# Modified Daisy F-16



## Grandpa Grumpy (Apr 21, 2013)

I posted a photo of my Daisy F-16 under the topic Most Accurate Sling in the General Discussion forum and a couple of the guys asked for more details on the mods, so I made a short video. In the video I forgot to show how I attach looped and pseudo tubes so I am linking a video I made showing that attachment method.

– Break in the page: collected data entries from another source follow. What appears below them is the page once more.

lemma torus_image_straight:
  assumes "e > 0"
  shows "torus_image (lift_curve e y (\<lambda>_. real m * v)) {0..2 * pi * real k / e} = phase_curve v"
    and "torus_image (lift_curve e y (\<lambda>_. real m * v)) UNIV = phase_curve v"
proof -
  let ?\<gamma> = "lift_curve e y (\<lambda>_. real m * v)"
  have "?\<gamma> t \<in> phase_curve v" for t
    using m_pos phase_lift_curve[of e y "\<lambda>_. real m * v" t] in_phase_curve_phase[of "?\<gamma> t"] by simp
  then have sub: "torus_image ?\<gamma> I \<subseteq> phase_curve v" for I
    unfolding torus_image_def using teq_phase_curve by blast
  have "p \<in> torus_image ?\<gamma> {0..2 * pi * real k / e}" if p: "p \<in> phase_curve v" for p
  proof -
    obtain w where w: "w \<in> lattice" "phase (p + w) = v"
      using phase_curve_translate[OF p] by blast
    define N where "N = \<lfloor>(snd (p + w) - y) / (2 * pi * real k)\<rfloor>"
    define t where "t = (snd (p + w) - 2 * pi * real k * of_int N - y) / e"
    have "2 * pi * real k * of_int N \<le> snd (p + w) - y"
      and "snd (p + w) - y < 2 * pi * real k * of_int N + 2 * pi * real k"
      using floor_divide_lower[of "2 * pi * real k" "snd (p + w) - y"]
        floor_divide_upper[of "2 * pi * real k" "snd (p + w) - y"] k_pos
      by (simp_all add: N_def algebra_simps)
    then have t: "t \<in> {0..2 * pi * real k / e}"
      unfolding t_def using assms by (auto intro: divide_right_mono)
    have "y + e * t = snd (p + w) - 2 * pi * real k * of_int N"
      using assms by (simp add: t_def)
    then have "?\<gamma> t = ((real l * (snd (p + w) - 2 * pi * real k * of_int N) - v) / real k,
        snd (p + w) - 2 * pi * real k * of_int N)"
      using m_pos by (simp add: lift_curve_def)
    also have "\<dots> = (p + w) - (2 * pi * real l * of_int N, 2 * pi * real k * of_int N)"
      using w(2) k_pos by (simp add: phase_def prod_eq_iff field_simps)
    finally have "p - ?\<gamma> t = (2 * pi * real l * of_int N, 2 * pi * real k * of_int N) - w"
      by (simp add: algebra_simps)
    then have "teq p (?\<gamma> t)"
      unfolding teq_def using lattice_diff[OF lattice_mem_nat_mult w(1)] by metis
    with t show ?thesis unfolding torus_image_def by blast
  qed
  then show "torus_image ?\<gamma> {0..2 * pi * real k / e} = phase_curve v"
    using sub by blast
  then show "torus_image ?\<gamma> UNIV = phase_curve v"
    using sub unfolding torus_image_def by blast
qed

abbreviation straight_orbit :: "real \<Rightarrow> real \<Rightarrow> real \<Rightarrow> real \<times> real" where
  "straight_orbit \<epsilon> v \<equiv> lift_curve \<epsilon> 0 (\<lambda>_. real m * v)"

lemma straight_orbit_closed:
  assumes "0 < \<epsilon>" "real l * \<epsilon> < real k" "cycle_phase \<epsilon> v"
  shows "is_sol (Yfield m k l \<epsilon>) (straight_orbit \<epsilon> v)"
    and "teq (straight_orbit \<epsilon> v (2 * pi * real k / \<epsilon>)) (straight_orbit \<epsilon> v 0)"
    and "Yfield m k l \<epsilon> (straight_orbit \<epsilon> v 0) \<noteq> 0"
    and "torus_image (straight_orbit \<epsilon> v) UNIV = phase_curve v"
proof -
  interpret adler "real m * real l * \<epsilon>" "real m * real k"
    using adler_phase_eq assms by simp
  show "is_sol (Yfield m k l \<epsilon>) (straight_orbit \<epsilon> v)"
    using assms by (intro is_sol_lift_curve equilibrium_solves) (simp add: cycle_phase_equilibrium)
  show "teq (straight_orbit \<epsilon> v (2 * pi * real k / \<epsilon>)) (straight_orbit \<epsilon> v 0)"
    using lift_curve_period[of \<epsilon> 0 "\<lambda>_. real m * v"] assms lattice_mem_nat_mult[of l 1 k]
    by (simp add: teq_def)
  show "Yfield m k l \<epsilon> (straight_orbit \<epsilon> v 0) \<noteq> 0"
    using assms by (simp add: Yfield_phase zero_prod_def)
  show "torus_image (straight_orbit \<epsilon> v) UNIV = phase_curve v"
    using torus_image_straight(2) assms by simp
qed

Here is the video on attaching looped tubes:


----------



## treefork (Feb 1, 2010)

Good videos .


----------



## Tag (Jun 11, 2014)

Excellent videos


----------



## KawKan (May 11, 2013)

Good info in each vid, and hard to beat the pair!


----------



## skarrd (Jul 20, 2011)

Awesome!!


----------



## Blue Raja (Feb 10, 2016)

GG - thank you! I do not have the ability to weld, and my woodworking skills (or lack thereof) do not include cutting a kerf, but - you gave me some ideas to attempt a mod.


----------



## mattwalt (Jan 5, 2017)

Always liked seeing your Daisy mods - would love to see Daisy do a limited run of the GGF16 - hardwood grip and all.


----------



## mattwalt (Jan 5, 2017)

Those are great videos.


----------



## Ibojoe (Mar 13, 2016)

Simple mods. Giant results! After all these years it still demands attention. One of my favorites. 
Good videos buddy.


----------



## SLINGDUDE (Aug 15, 2018)

Thanks for sharing. I've always admired your modified daisy. Neat to learn more about it.


----------



## Grandpa Grumpy (Apr 21, 2013)

Thanks for the nice comments,guys! I also forgot to mention in the video, that my intention was to make several different grips/palmswells so I could change the looks of the slingshot by changing the grip and lanyard. Although I have collected several nice hunks of wood I never got around to making them into grips.


----------



## MikeyLikesIt (Oct 19, 2018)

Thanks for taking the time to post GG! That's a great looking slingshot and a good example what can be done with a simple frame! I can't weld but You've certainly given me a lot to think about in terms of making that old F16 shootable!


----------



## Grandpa Grumpy (Apr 21, 2013)

Blue Raja said:


> GG - thank you! I do not have the ability to weld, and my woodworking skills (or lack thereof) do not include cutting a kerf, but - you gave me some ideas to attempt a mod.





MikeyLikesIt said:


> Thanks for taking the time to post GG! That's a great looking slingshot and a good example what can be done with a simple frame! I can't weld but You've certainly given me a lot to think about in terms of making that old F16 shootable!


I used to be able to stick weld good enough to do farm repairs but I don't have a welder so I had a friend who does metal work do the cutting and welding for me. He charged me eight bucks. So I have about $13.00 invested in this slingshot. Cutting the kerf on the grip was easy. Could be done with a handsaw or even a chisel.


----------



## speedgoat (Jun 22, 2019)

Great idea


----------



## Blue Raja (Feb 10, 2016)

Thinking about tying a piece of 1/2” dowel perpendicular to the grip, at the bottom of the forks, for a thumb and index finger rest.


----------



## AUSSIE4 (Nov 21, 2019)

Nice videos they were good to watch.


----------